I notice that earlier this month, The Star (http://www.thestar.co.uk/news/business/magn_ificent_move_for_uk_mail_group_1_3158261) reported that UK Mail (LON:UKM) had moved its South Yorkshire operation to bigger premises. This ties in with the mention of growth by the directors.
The balance sheet of UK Mail (LON:UKM) is solid, and it looks likely that the divvie will be maintained. At over 6pc, that's a generous yield. I also notice that the price to free cash flow is is under 10, and is the kind of company that someone like Berkowitz might be interested in. The company's ROE has been consistently high throughout the last decade, although net profit margins have taken a beating during the last five years. It looks like this company is going to make investors sweat for their money; but I think that now would be the wrong time to bail out on it.
Hi Blippy
It's all in the timing!
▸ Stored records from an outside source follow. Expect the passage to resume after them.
lemma greedy_increment_nonneg:
  assumes "2 \<le> l" "l \<le> n"
  shows "0 \<le> y l"
proof -
  have "\<forall>k\<in>{1..<n}. ag_nu y k \<le> ag_nu y (Suc k)"
    using pcl by (simp add: pcl_indexable_def)
  then have "ag_nu y (l - 1) \<le> ag_nu y (Suc (l - 1))"
    by (rule bspec) (use assms in auto)
  then show ?thesis using ag_nu_Suc[of y "l - 1"] assms by simp
qed

lemma greedy_cost_decomposition:
  assumes "m \<in> {1..n}"
  shows "(\<Sum>l\<in>{1..<Suc m}. y l * w (greedy_set l) (\<pi> m)) = hh (\<pi> m)"
  using adaptive_greedy_cost_decomposition[OF greedy assms] assms
    workload_greedy_set_pos[of m "\<pi> m"] greedy_choice_bij
  by (simp add: atLeastLessThanSuc_atLeastAtMost bij_betwE)

text \<open>At \<nu>_{\<pi>_k} the gap of \<pi>_k vanishes, so removing \<pi>_k does not change the value there;
  affinity in \<nu> then propagates the formula from S_k to S_{k+1}.\<close>
lemma bellman_gap_greedy_set:
  assumes "1 \<le> k" "k \<le> n + 1" "j \<in> N01"
  shows "bellman_gap (greedy_set k) \<nu> j
    = (\<Sum>l\<in>{1..<k}. y l * w (greedy_set l) j) + (\<nu> - ag_nu y (k - 1)) * w (greedy_set k) j - hh j"
  using assms
proof (induction k arbitrary: \<nu> j rule: nat_induct_at_least)
  case base
  then show ?case
    using bellman_gap_affine[of j N01 \<nu>] bellman_gap_all_active[of j]
    by (simp add: ag_set_def ag_nu_def)
next
  case (Suc k)
  let ?\<nu> = "ag_nu y k"
  have k: "k \<in> {1..n}" and \<pi>k: "\<pi> k \<in> N01"
    using Suc.hyps Suc.prems greedy_choice_bij by (auto dest: bij_betwE)
  have increment: "?\<nu> - ag_nu y (k - 1) = y k"
    using ag_nu_Suc[of y "k - 1"] Suc.hyps by simp
  have sum_Suc: "(\<Sum>l\<in>{1..<Suc k}. y l * w (greedy_set l) j)
      = (\<Sum>l\<in>{1..<k}. y l * w (greedy_set l) j) + y k * w (greedy_set k) j" for j
    using Suc.hyps by simp
  have "bellman_gap (greedy_set k) ?\<nu> (\<pi> k) = 0"
    using Suc.IH[of "\<pi> k" ?\<nu>] Suc.hyps Suc.prems \<pi>k greedy_cost_decomposition[OF k] increment
    by simp
  then have "\<forall>i\<in>N. set_value (greedy_set (Suc k)) ?\<nu> i = set_value (greedy_set k) ?\<nu> i"
    using set_value_remove_indifferent ag_set_Suc[of k N01 \<pi>] Suc.hyps by simp
  then have "bellman_gap (greedy_set (Suc k)) ?\<nu> j = bellman_gap (greedy_set k) ?\<nu> j"
    by (simp add: bellman_gap_def active_op_def passive_op_def)
  then have "bellman_gap (greedy_set (Suc k)) \<nu> j
      = bellman_gap (greedy_set k) ?\<nu> j + (\<nu> - ?\<nu>) * w (greedy_set (Suc k)) j"
    using bellman_gap_affine[OF Suc.prems(2), of _ \<nu>] bellman_gap_affine[OF Suc.prems(2), of _ ?\<nu>]
    by (simp add: algebra_simps)
  also have "bellman_gap (greedy_set k) ?\<nu> j
      = (\<Sum>l\<in>{1..<k}. y l * w (greedy_set l) j) + y k * w (greedy_set k) j - hh j"
    using Suc.IH[of j ?\<nu>] Suc.hyps Suc.prems increment by simp
  finally show ?case using sum_Suc[of j] by simp
qed
(* Let $\kappa\ge1$, $n\ge1$ be integers and $0<\epsilon<1$. Let $\bar q\in\mathbb{R}^{2^\kappa}$ be the uniform vector fraction code: $\bar q_0=0$ and $\bar q_i=\frac{1}{2^\kappa-1}$ for $1\le i\le 2^\kappa-1$. Then $\bar q$ is a local minimizer of $q\mapsto l(n,\epsilon,q)$ on $\mathcal{C}=\{q\in\mathbb{R}^{2^\kappa}: q_i\ge0\ \forall i,\ \sum_i q_i=1\}$.
   Context: $W=\mathbb{F}_2^\kappa$; $\nu(i)\in W$ is the binary expansion of $i\in\{0,\dots,2^\kappa-1\}$; vectors $q\in\mathbb{R}^{2^\kappa}$ are indexed $q_0,\dots,q_{2^\kappa-1}$. For a subspace $S\subseteq W$, $\zeta(S,q)=\sum_{i:\nu(i)\in S}q_i$; $\Xi(W,d)$ is the set of $d$-dimensional subspaces of $W$. For real $q$, the (continuous) expected equivocation loss is $l(n,\epsilon,q)=n(1-\epsilon)-\kappa+\sum_{\delta=1}^{\kappa}K_\delta\sum_{S\in\Xi(W,\kappa-\delta)}\epsilon^{n(1-\zeta(S,q))}$, with $K_\delta=\prod_{i=1}^{\delta-1}(1-2^i)$. (When $q_i$ is the fraction of columns of a $\kappa\times n$ generator matrix equal to $\nu(i)$, this is the expected equivocation loss of the coset code over a binary erasure channel with erasure probability $\epsilon$.) A local minimizer of $f$ on a set $\mathcal{C}$ is a point $q\in\mathcal{C}$ with $f(q)\le f(q')$ for all $q'\in\mathcal{C}$ in some neighborhood of $q$. *)

theory Defs
  imports Complex_Main
begin

text \<open>We identify \<open>W = F_2^\<kappa>\<close> with \<open>{..<2^\<kappa>}\<close> via the binary expansion \<open>\<nu>\<close>;
  vector addition in \<open>W\<close> then corresponds to bitwise xor on naturals.
  A linear subspace of \<open>W\<close> (over \<open>F_2\<close>) is a set containing 0 and closed under
  addition; its dimension is \<open>d\<close> iff it has \<open>2^d\<close> elements.\<close>

definition is_subspace :: "nat \<Rightarrow> nat set \<Rightarrow> bool" where
  "is_subspace \<kappa> S \<longleftrightarrow> S \<subseteq> {..<2^\<kappa>} \<and> 0 \<in> S \<and> (\<forall>x\<in>S. \<forall>y\<in>S. xor x y \<in> S)"

definition Xi :: "nat \<Rightarrow> nat \<Rightarrow> nat set set" where
  "Xi \<kappa> d = {S. is_subspace \<kappa> S \<and> card S = 2^d}"

definition zeta :: "nat set \<Rightarrow> (nat \<Rightarrow> real) \<Rightarrow> real" where
  "zeta S q = (\<Sum>i\<in>S. q i)"

definition Kc :: "nat \<Rightarrow> real" where
  "Kc \<delta> = (\<Prod>i=1..<\<delta>. 1 - 2^i)"

definition eq_loss :: "nat \<Rightarrow> nat \<Rightarrow> real \<Rightarrow> (nat \<Rightarrow> real) \<Rightarrow> real" where
  "eq_loss \<kappa> n \<epsilon> q = real n * (1 - \<epsilon>) - real \<kappa>
     + (\<Sum>\<delta>=1..\<kappa>. Kc \<delta> * (\<Sum>S\<in>Xi \<kappa> (\<kappa> - \<delta>). \<epsilon> powr (real n * (1 - zeta S q))))"

text \<open>Probability simplex on the coordinates \<open>0..2^\<kappa>-1\<close> (other coordinates irrelevant).\<close>
definition simplexC :: "nat \<Rightarrow> (nat \<Rightarrow> real) set" where
  "simplexC \<kappa> = {q. (\<forall>i<2^\<kappa>. q i \<ge> 0) \<and> (\<Sum>i<2^\<kappa>. q i) = 1}"
(* Let $A, B \in\mathbb{C}^{n\times n}$ be matrices of index at most $1$. If $A\leq^{GD1}B$, then $A\leq\# B$ (right sharp partial order), i.e. $A^2=BA$ and $R(A^* )\subseteq R(B^* )$.
   Context: For $A\in\mathbb{C}^{n\times n}$, $ind(A)$ is the smallest nonnegative integer $k$ with $\mathrm{rank}(A^k)=\mathrm{rank}(A^{k+1})$. $A\{1\}$ is the set of matrices $X$ with $AXA=A$. With $k=ind(A)$, $A\{GD\}$ is the set of matrices $X$ with $AXA=A$, $XA^{k+1}=A^k$, $A^{k+1}X=A^k$ (G-Drazin inverses). A GD1 inverse of $A$ is a matrix $A^{GD1}=A^{GD}AA^-$ with $A^-\in A\{1\}$, $A^{GD}\in A\{GD\}$. We write $A\leq^{GD1}B$ if $AA^{GD1}=BA^{GD1}$ and $A^{GD1}A=A^{GD1}B$ for some GD1 inverse $A^{GD1}$ of $A$. $A^*$ is the conjugate transpose and $R(\cdot)$ the range. *)

theory Defs
  imports "HOL-Analysis.Analysis"
begin

type_synonym 'n cmat = "complex^'n^'n"

definition mpow :: "'n::finite cmat \<Rightarrow> nat \<Rightarrow> 'n cmat" where
  "mpow A k = (((**) A) ^^ k) (mat 1)"

definition ind :: "'n::finite cmat \<Rightarrow> nat" where
  "ind A = (LEAST k. rank (mpow A k) = rank (mpow A (Suc k)))"

definition ctrans :: "'n::finite cmat \<Rightarrow> 'n cmat" where
  "ctrans A = (\<chi> i j. cnj (A $ j $ i))"

definition inv1 :: "'n::finite cmat \<Rightarrow> 'n cmat set" where
  "inv1 A = {X. A ** X ** A = A}"

definition invGD :: "'n::finite cmat \<Rightarrow> 'n cmat set" where
  "invGD A = {X. A ** X ** A = A \<and>
                 X ** mpow A (Suc (ind A)) = mpow A (ind A) \<and>
                 mpow A (Suc (ind A)) ** X = mpow A (ind A)}"

definition invGD1 :: "'n::finite cmat \<Rightarrow> 'n cmat set" where
  "invGD1 A = {G ** A ** M | G M. G \<in> invGD A \<and> M \<in> inv1 A}"

definition GD1_le :: "'n::finite cmat \<Rightarrow> 'n cmat \<Rightarrow> bool" where
  "GD1_le A B = (\<exists>X \<in> invGD1 A. A ** X = B ** X \<and> X ** A = X ** B)"

definition right_sharp_le :: "'n::finite cmat \<Rightarrow> 'n cmat \<Rightarrow> bool" where
  "right_sharp_le A B = (A ** A = B ** A \<and>
      range (\<lambda>x. ctrans A *v x) \<subseteq> range (\<lambda>x. ctrans B *v x))"

end

theory Submission
  imports Defs
begin

text \<open>Write \<open>X = G A M\<close> for the GD1 inverse. Multiplying \<open>A X = B X\<close> on the right by \<open>A\<close>
  and \<open>X A = X B\<close> on the left by \<open>A\<close> gives \<open>A = B G A\<close> and \<open>A = A M B\<close>, using only
  \<open>A G A = A = A M A\<close>. When \<open>ind A \<le> 1\<close> the G-Drazin inverse satisfies \<open>G A\<^sup>2 = A\<close>, so
  \<open>A\<^sup>2 = B G A\<^sup>2 = B A\<close>; and \<open>A = (A M) B\<close> gives \<open>A\<^sup>* = B\<^sup>* (A M)\<^sup>*\<close>, hence
  \<open>R(A\<^sup>*) \<subseteq> R(B\<^sup>*)\<close>.\<close>

lemma ctrans_matrix_mul: "ctrans (P ** Q) = ctrans Q ** ctrans (P :: 'n::finite cmat)"
  by (simp add: ctrans_def matrix_matrix_mult_def vec_eq_iff mult.commute)

lemma range_ctrans_matrix_mul_subset:
  fixes C B :: "'n::finite cmat"
  shows "range (\<lambda>x. ctrans (C ** B) *v x) \<subseteq> range (\<lambda>x. ctrans B *v x)"
proof
  fix y assume "y \<in> range (\<lambda>x. ctrans (C ** B) *v x)"
  then obtain x where "y = ctrans (C ** B) *v x" by blast
  then have "y = ctrans B *v (ctrans C *v x)"
    by (simp add: ctrans_matrix_mul matrix_vector_mul_assoc)
  then show "y \<in> range (\<lambda>x. ctrans B *v x)" by blast
qed

lemma invGD_mult_square:
  fixes A G :: "'n::finite cmat"
  assumes "ind A \<le> 1" and "G \<in> invGD A"
  shows "G ** (A ** A) = A"
proof (cases "ind A")
  case 0
  with assms(2) have "G ** A = mat 1"
    by (simp add: invGD_def mpow_def)
  then show ?thesis
    by (metis matrix_mul_assoc matrix_mul_lid)
next
  case (Suc k)
  with assms have "ind A = 1" by simp
  with assms(2) show ?thesis
    by (simp add: invGD_def mpow_def numeral_2_eq_2 matrix_mul_assoc)
qed

lemma GD1_le_factorizations:
  fixes A B :: "'n::finite cmat"
  assumes "GD1_le A B"
  obtains G M where "G \<in> invGD A" and "A = B ** G ** A" and "A = A ** M ** B"
proof -
  obtain G M where G: "G \<in> invGD A" and M: "M \<in> inv1 A"
    and left: "A ** (G ** A ** M) = B ** (G ** A ** M)"
    and right: "(G ** A ** M) ** A = (G ** A ** M) ** B"
    using assms unfolding GD1_le_def invGD1_def by blast
  have AGA: "A ** G ** A = A" using G by (simp add: invGD_def)
  have AMA: "A ** M ** A = A" using M by (simp add: inv1_def)
  have "A = A ** G ** A ** M ** A"
    using AGA AMA by simp
  also have "\<dots> = B ** G ** A ** M ** A"
    using arg_cong[OF left, of "\<lambda>X. X ** A"] by (simp add: matrix_mul_assoc)
  also have "\<dots> = B ** G ** A"
    using AMA by (metis matrix_mul_assoc)
  finally have "A = B ** G ** A" .
  moreover have "A = A ** M ** B"
  proof -
    have "A = A ** G ** A ** M ** A"
      using AGA AMA by simp
    also have "\<dots> = A ** G ** A ** M ** B"
      using arg_cong[OF right, of "\<lambda>X. A ** X"] by (simp add: matrix_mul_assoc)
    also have "\<dots> = A ** M ** B"
      using AGA by (metis matrix_mul_assoc)
    finally show ?thesis .
  qed
  ultimately show ?thesis
    using G that by blast
qed

theorem corollary2p13:
  fixes A B :: "complex^'n::finite^'n"
  assumes "ind A \<le> 1" and "ind B \<le> 1"
    and "GD1_le A B"
  shows "right_sharp_le A B"
proof -
  obtain G M where G: "G \<in> invGD A"
    and BGA: "A = B ** G ** A" and AMB: "A = A ** M ** B"
    using GD1_le_factorizations[OF assms(3)] .
  have "A ** A = B ** (G ** (A ** A))"
    using BGA by (metis matrix_mul_assoc)
  then have "A ** A = B ** A"
    using invGD_mult_square[OF assms(1) G] by simp
  moreover have "range (\<lambda>x. ctrans A *v x) \<subseteq> range (\<lambda>x. ctrans B *v x)"
    using range_ctrans_matrix_mul_subset[of "A ** M" B] AMB by simp
  ultimately show ?thesis
    unfolding right_sharp_le_def by simp
qed

end
(* For every positive integer $d$, there exist infinitely many monic rigid Carmichael polynomials of order $d$ in $\mathbb{F}_q[t]$.
   Context: $\mathbb{F}_q$ is the finite field with $q$ elements. For an integer $d\ge1$, a rigid Carmichael polynomial of order $d$ in $\mathbb{F}_q[t]$ is a reducible square-free polynomial $g\in\mathbb{F}_q[t]$ such that $i\cdot\deg P$ divides $d\cdot\deg g$ for every irreducible polynomial $P$ dividing $g$ and every $i=1,\dots,d$. *)

theory Defs
  imports "HOL-Computational_Algebra.Computational_Algebra"
begin

definition rigid_carmichael :: "nat \<Rightarrow> 'a::field poly \<Rightarrow> bool" where
  "rigid_carmichael d g \<longleftrightarrow>
     g \<noteq> 0 \<and> \<not> is_unit g \<and> \<not> irreducible g \<and> squarefree g \<and>
     (\<forall>P. irreducible P \<and> P dvd g \<longrightarrow>
        (\<forall>i\<in>{1..d}. i * degree P dvd d * degree g))"

end

theory Submission
  imports
    Defs
    "HOL-Algebra.Algebraic_Closure_Type"
    "HOL-Algebra.Sylow"
    "HOL-Algebra.Multiplicative_Group"
    "HOL-Library.Cardinality"
begin

text \<open>
  Fix a large prime l. In an algebraic closure of F_q the Frobenius map y \<mapsto> y^q permutes
  the q^l - q elements of F_{q^l} outside F_q, and because l is prime all its orbits there have
  exactly l elements. For a union T of L such orbits, the product of the t - y over y in T has
  Frobenius-fixed coefficients and so lies in F_q[t]; it is squarefree. An irreducible factor
  vanishes at some a in T, hence on the whole orbit of a, so it is divisible by the product of
  the t - y over that orbit, which again lies in F_q[t] and has degree l. Thus all irreducible
  factors have degree l. For L = 2 d! these polynomials are rigid Carmichael of order d, and
  L l \<le> q^l - q holds for every large l.
\<close>

hide_const (open) Polynomials.degree Polynomials.lead_coeff up_ring.monom up_ring.coeff
  module.smult Coset.order Divisibility.prime Divisibility.irreducible

section \<open>Finite fields\<close>

lemma prime_CHAR_finite_field: "prime CHAR('a::{finite,field})"
  by (rule prime_CHAR_semidom[OF finite_imp_CHAR_pos]) simp

lemma card_finite_field_ge_2: "CARD('a::{finite,field}) \<ge> 2"
proof -
  have "card {0, 1 :: 'a} \<le> CARD('a)"
    by (rule card_mono) simp_all
  then show ?thesis
    by simp
qed

lemma prime_dvd_card_finite_field:
  assumes "prime r" and "r dvd CARD('a::{finite,field})"
  shows "r = CHAR('a)"
proof -
  define G :: "'a monoid" where "G = \<lparr>carrier = UNIV, monoid.mult = (+), one = 0\<rparr>"
  interpret G: group G
    by (rule groupI) (auto simp: G_def add_ac intro: exI[of _ "- x" for x])
  have pow: "x [^]\<^bsub>G\<^esub> n = of_nat n * x" for x :: 'a and n
    by (induction n) (simp_all add: G_def algebra_simps)
  obtain m where m: "Coset.order G = r ^ 1 * m"
    using assms(2) by (auto simp: Coset.order_def G_def)
  obtain H where H: "subgroup H G" "card H = r"
    using sylow_thm[OF assms(1) G.is_group m] by (auto simp: Coset.order_def G_def)
  interpret H: group "G\<lparr>carrier := H\<rparr>"
    by (rule G.subgroup_imp_group[OF H(1)])
  have "of_nat r * x = 0" if "x \<in> H" for x
  proof -
    have "x [^]\<^bsub>G\<lparr>carrier := H\<rparr>\<^esub> r = \<one>\<^bsub>G\<lparr>carrier := H\<rparr>\<^esub>"
      using H.pow_order_eq_1[of x] that H(2) by (simp add: Coset.order_def)
    then show ?thesis
      by (simp add: G.nat_pow_consistent[symmetric] pow) (simp add: G_def)
  qed
  moreover obtain x where "x \<in> H" "x \<noteq> 0"
  proof -
    have "\<not> H \<subseteq> {0}"
      using H(2) prime_gt_1_nat[OF assms(1)] card_mono[of "{0::'a}" H] by auto
    then show ?thesis using that by blast
  qed
  ultimately have "of_nat r = (0 :: 'a)" by auto
  then have "CHAR('a) dvd r" by (simp add: of_nat_eq_0_iff_char_dvd)
  then show ?thesis
    using assms(1) prime_CHAR_finite_field[where 'a='a] by (metis primes_dvd_imp_eq)
qed

lemma card_finite_field_eq_CHAR_power:
  obtains m where "CARD('a::{finite,field}) = CHAR('a) ^ m"
proof -
  let ?q = "CARD('a)"
  have "?q > 0" by (simp add: card_gt_0_iff)
  then have q: "?q = prod_mset (prime_factorization ?q)"
    by simp
  have "set_mset (prime_factorization ?q) \<subseteq> {CHAR('a)}"
    using prime_dvd_card_finite_field[where 'a='a] by (auto simp: in_prime_factors_iff)
  then have "prime_factorization ?q = replicate_mset (size (prime_factorization ?q)) CHAR('a)"
    by (rule set_mset_subset_singletonD)
  then show ?thesis
    using q that by (metis prod_mset_replicate_mset)
qed

lemma power_card_finite_field:
  fixes x :: "'a::{finite,field}"
  shows "x ^ CARD('a) = x"
proof (cases "x = 0")
  case False
  let ?U = "UNIV - {0 :: 'a}"
  have "x ^ card ?U * \<Prod>?U = (\<Prod>y\<in>?U. x * y)"
    by (simp only: prod.distrib prod_constant)
  also have "\<dots> = \<Prod>?U"
    by (rule prod.reindex_bij_witness[of _ "\<lambda>y. y / x" "\<lambda>y. x * y"]) (use False in auto)
  finally have "x ^ card ?U = 1"
    by simp
  moreover have "CARD('a) = Suc (card ?U)"
    by (simp add: card_Diff_singleton_if)
  then have "x ^ CARD('a) = x * x ^ card ?U"
    by (simp only: power_Suc)
  ultimately show ?thesis
    by simp
qed (simp add: card_gt_0_iff)

section \<open>Frobenius in prime characteristic\<close>

lemma power_CHAR_power_inj:
  fixes x y :: "'b::idom"
  assumes "prime CHAR('b)" and "n = CHAR('b) ^ m" and "x ^ n = y ^ n"
  shows "x = y"
proof -
  have "x ^ n = (x - y) ^ n + y ^ n"
    using freshmans_dream'[OF assms(1,2), of "x - y" y] by simp
  then have "(x - y) ^ n = 0"
    using assms(3) by simp
  then show ?thesis
    by simp
qed

lemma poly_power_CHAR_power:
  fixes p :: "'b::comm_ring_1 poly"
  assumes "prime CHAR('b)" and "n = CHAR('b) ^ m" and "\<And>i. coeff p i ^ n = coeff p i"
  shows "poly p (x ^ n) = poly p x ^ n"
proof -
  have "poly p x ^ n = (\<Sum>i\<le>degree p. (coeff p i * x ^ i) ^ n)"
    by (simp add: poly_altdef freshmans_dream_sum'[OF assms(1,2)])
  also have "\<dots> = (\<Sum>i\<le>degree p. coeff p i * (x ^ n) ^ i)"
    by (simp add: power_mult_distrib assms(3) mult.commute flip: power_mult)
  also have "\<dots> = poly p (x ^ n)"
    by (simp add: poly_altdef)
  finally show ?thesis ..
qed

lemma additive_hom_sum:
  assumes "f 0 = 0" and "\<And>a b. f (a + b) = f a + f b"
  shows "f (sum g A) = (\<Sum>x\<in>A. f (g x))"
  by (induction A rule: infinite_finite_induct) (simp_all add: assms)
As "profit warnings" go, I've seen worse and profits coming in 10% or so below prior year shouldn't cause the end of the world, particularly given the strong balalnce sheet. It's reassuring to see that dividend is being maintained, which gives some reassurance that profits are still turning to cash (unless they are raiding the piggy bank). It will interesting to see what extent the profit shortfall is caused by "one-offs" (I hate the excuse of the snow, but at least we can all relate to it) and what is caused by softer trading, which is more of a worry.
My fundamental view of the company hasn't changed and I've topped up, bringing my average cost to below 300p. Who knows where the floor is, but I'm buying for the long-term.